This release can be found here.

The app (in its released version) can still be accessed at http://193.190.127.184/.

The current release features an improved GUI and Model.

Specifically for the GUI, the following additions were made:

• On the main page
  • Nothing has changed on the main page except that the version number has changed from v0.1 to v0.3.
• On the login page
  • Nothing has changed on the login page.
• On the visual editor page
  • The visual editor page contains all the same buttons at the top as in the previous release. Additionally, a button was added to show or hide the sidebar; a garbage bin was added which deletes the selected node; undo and redo buttons were added which respectively undo and redo the last change; a button as was added to take a snapshot of the current canvas, opening a new window containing the snapshot; zoom-in and zoom-out buttons were added with the expected functionality; a button was added that zooms out to contain the entire visualized graph structure; lastly, a button was added that refocuses when the view was zoomed out using the previous button.
  • Importantly, the "Import Graph" and "Save Graph" buttons are now operational. When the "Import Graph" button is pressed a file picker again is opened and a file can be selected and subsequently opened. If this file contains valid RDF code (in Turtle, N-Triples, N-Quads, or TriG format), it will be loaded properly; otherwise an empty graph structure is added to the Model. When the "Save Graph" button is pressed, a menu pops up listing every loaded file, from which a file can then be selected. Upon selection, this file is saved to the User's download folder.
  • In the sidebar, all the mock building blocks of the last release have been made operational, meaning that they can be dragged onto the canvas, where they will materialize and where they can subsequently be edited. The editing functionality as of yet does not accomplish anything concrete. One can merely type in the boxes, but this text is not actually stored.
  • On the canvas a mock constraint graph structure has been visualized according to the Ouroboros visual notation, with arrows linking nodes to one another. Each of the blocks can be collapsed (by clicking in its top left corner), as well as resized and dragged, either individually or together with other such blocks.
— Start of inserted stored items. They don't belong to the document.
(* Let $P$ be a three-dimensional zonotope which is not a prism, and let $E$ be an edge of $P$ with $\#B(E)=8$. Then there exists an edge $M$ of $P$ not parallel to $E$ with $\#B(M)\ge 8$.
   Context: A zonotope is a Minkowski sum of finitely many segments. For an edge $E$ of a three-dimensional zonotope $P$, the belt $B(E)$ is the set of facets of $P$ containing a translate of $E$ as an edge, and $\#B(E)$ is the number of facets in it. A prism (cylinder) is a set $Q+S$ with $Q$ a convex polygon and $S$ a segment not parallel to the plane of $Q$. *)

theory Defs
  imports "HOL-Analysis.Analysis"
begin

fun msum_list :: "'a::real_vector set list \<Rightarrow> 'a set" where
  "msum_list [] = {0}"
| "msum_list (S # Ss) = {x + y | x y. x \<in> S \<and> y \<in> msum_list Ss}"

definition zonotope :: "'a::euclidean_space set \<Rightarrow> bool" where
  "zonotope P \<longleftrightarrow> (\<exists>segs. P = msum_list (map (\<lambda>(a, b). closed_segment a b) segs))"

definition direction :: "'a::euclidean_space set \<Rightarrow> 'a set" where
  "direction S = span {x - y | x y. x \<in> S \<and> y \<in> S}"

definition belt :: "'a::euclidean_space set \<Rightarrow> 'a set \<Rightarrow> 'a set set" where
  "belt P E = {F. F facet_of P \<and> (\<exists>t. ((\<lambda>x. t + x) ` E) edge_of F)}"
The arrows will be automatically re-positioned.

The Model now provides the following additional functionality:

• "ProcessAllTasks" and "processTasksDuring"
  • The former processes tasks until the task schedule becomes empty, the latter processes tasks until either the task schedule becomes empty or a particular number of milliseconds elapse.
• Out-of-order execution of tasks
  • In contrast with the single-order processor, which executes tasks in the order in which they were scheduled, the out-of-order processor executes tasks based on their priority level, irrespective of scheduling order.
  • This processor uses the same techniques as superscalar out-of-order processors and state-of-the-art compilers such as LLVM and GCC to reason about instructions. Specifically, each task is represented as an instruction in a mutable variant of single static assignment (SSA) form. When an instruction is executed, that instruction is removed as a dependency from all dependent instructions. Instructions become eligible for execution when their dependency set becomes empty, i.e., all of their dependencies have been executed. This scheme is used in superscalar out-of-order processors to run multiple tasks at the same time. It is used here to prioritize tasks, as data flow execution allows us to cherry-pick high-priority from the task queue, dependencies permitting.
• Instruction merging
  • By forcing every task to come with a read set and a write set, the out-of-order processor can generate dependency sets for every generated instruction which can then be used to merge instructions that can be processed successively.
  • For this merging activity an InstructionMerger was written containing multiple task rewriters (responsible for rewriting tasks so that they can effectively be merged as instructions). This merger looks through all possible candidates to merge with a particular instruction, and if possible performs the merge operation.

Release 0.4

This release can be found here.

The app (in its released version) can still be accessed at http://193.190.127.184/.

The current release features an improved GUI and model, as well as conformance checking logic.

Specifically for the GUI, the following additions were made:

• On the main page
  • The "About" page now contains an explanation of the Semantic Web, the UnSHACLed application (added value + features).
  • The "Contact" page now contains a list with all the team members' names, including everyone's roles within the project and our respective email addresses.
• On the login page
  • Nothing has changed on the login page.
• On the visual editor page
  • The building blocks (components) in the sidebar to the left of the editor canvas have undergone some visual change, but are no longer operational. A button has been added that will be used in the future to load in templates.
  • The previous "Import Graph" button has been replaced by two different buttons, one for loading in data graphs, one for loading in SHACL shapes graphs. When valid files are loaded using these buttons, they are parsed and also graphically displayed (in contrast with the previous release where they were only stored inside the model).
  • There is now a "Conformance errors" button that is used to run the validation algorithm; when clicked, this button displays any violations there might have been found in the process.

Conformance checking logic includes the following functionality:

• Validation Service
  • Allows registration of different validators and listens to changes made to the model to schedule validation tasks whenever a change has occurred.
• SHACL Validator
  • Performs a validation operations on all currently loaded graphs and provides a validation report containing the results. The SHACL Validator performs an incremental merge based on graphs' recent changes to speed up consecutive validation operations.